Dataset entries:
========================================

lemma str_code_append: "str_code (s @ t) = str_code s + 2 ^ length s * str_code t"
  by (induction s) (auto simp: algebra_simps)

lemma str_code_bounds: "2 ^ length s - 1 \<le> str_code s \<and> str_code s < 2 ^ (length s + 1) - 1"
proof (induction s)
  case (Cons b s)
  then show ?case by (cases b) (auto simp: algebra_simps)
qed simp

definition code_length :: "nat \<Rightarrow> nat" where "code_length n = length (str_decode n)"

lemma code_length_bleast: "code_length n = bleast (\<lambda>k. n < 2 ^ (k + 1) - 1) (Suc n)"
proof -
  let ?s = "str_decode n"
  have b: "2 ^ length ?s - 1 \<le> n" "n < 2 ^ (length ?s + 1) - 1"
    using str_code_bounds[of ?s] by auto
  have lt: "length ?s < Suc n"
  proof -
    have "length ?s < 2 ^ length ?s" by (rule less_exp)
    then show ?thesis using b(1) by linarith
  qed
  have ex: "\<exists>m<Suc n. n < 2 ^ (m + 1) - 1" using lt b(2) by blast
  have "(LEAST k. n < 2 ^ (k + 1) - 1) = length ?s"
  proof (rule Least_equality)
    show "n < 2 ^ (length ?s + 1) - 1" by (rule b(2))
  next
    fix y assume "n < 2 ^ (y + 1) - 1"
    show "length ?s \<le> y"
    proof (rule ccontr)
      assume "\<not> length ?s \<le> y"
      then have "y + 1 \<le> length ?s" by simp
      then have "(2::nat) ^ (y + 1) \<le> 2 ^ length ?s" by (rule power_increasing) simp
      then show False using b(1) \<open>n < 2 ^ (y + 1) - 1\<close> by linarith
    qed
  qed
  then show ?thesis using bleast_eq[OF ex] by (simp add: code_length_def)
qed

lemma computable1_code_length: "computable1 code_length"
proof -
  have "computable1 (\<lambda>x. bleast (\<lambda>k. x < 2 ^ (k + 1) - 1) (Suc x))"
    by (intro computable1_bleastI decidable_lessI computable1_subI computable1_pow2I
        computable1_addI computable1_pfstI computable1_psndI computable1_constI computable1_SucI
        computable1_idI)
  then show ?thesis using code_length_bleast by presburger
qed

definition code_prefix :: "nat \<Rightarrow> nat \<Rightarrow> bool" where
  "code_prefix a b \<longleftrightarrow> (\<exists>c<Suc b. b = a + 2 ^ code_length a * c)"

lemma code_prefix_iff: "code_prefix (str_code s) (str_code t) \<longleftrightarrow> prefix s t"
  unfolding prefix_def
proof
  assume "code_prefix (str_code s) (str_code t)"
  then obtain c where "str_code t = str_code s + 2 ^ length s * c"
    by (auto simp: code_prefix_def code_length_def)
  then have "str_code t = str_code (s @ str_decode c)" by (simp add: str_code_append)
  then show "\<exists>u. t = s @ u" by (auto simp: str_code_inj)
next
  assume "\<exists>u. t = s @ u"
  then obtain u where t: "t = s @ u" by blast
  have "str_code u \<le> 2 ^ length s * str_code u" by simp
  then have "str_code u < Suc (str_code s + 2 ^ length s * str_code u)" by linarith
  then show "code_prefix (str_code s) (str_code t)"
    unfolding code_prefix_def code_length_def t str_decode_code str_code_append by (intro exI[of _ "str_code u"]) auto
qed

lemma decidable_code_prefixI: assumes "computable1 a" "computable1 b" shows "decidable (\<lambda>x. code_prefix (a x) (b x))"
  unfolding code_prefix_def
  by (intro decidable_bexI decidable_eqI computable1_addI computable1_multI computable1_pow2I
      computable1_compose1[OF computable1_code_length] computable1_SucI computable1_pfstI
      computable1_psndI computable1_idI assms computable1_compose1[OF assms(1)]
      computable1_compose1[OF assms(2)])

========================================

● **EXERCISE DETAILS**:
Which lines should be output? Exactly those from the first line of the data through the line containing "case (Cons b s)", inclusive.

● **RESULT**:
lemma str_code_append: "str_code (s @ t) = str_code s + 2 ^ length s * str_code t"
  by (induction s) (auto simp: algebra_simps)

lemma str_code_bounds: "2 ^ length s - 1 \<le> str_code s \<and> str_code s < 2 ^ (length s + 1) - 1"
proof (induction s)
  case (Cons b s)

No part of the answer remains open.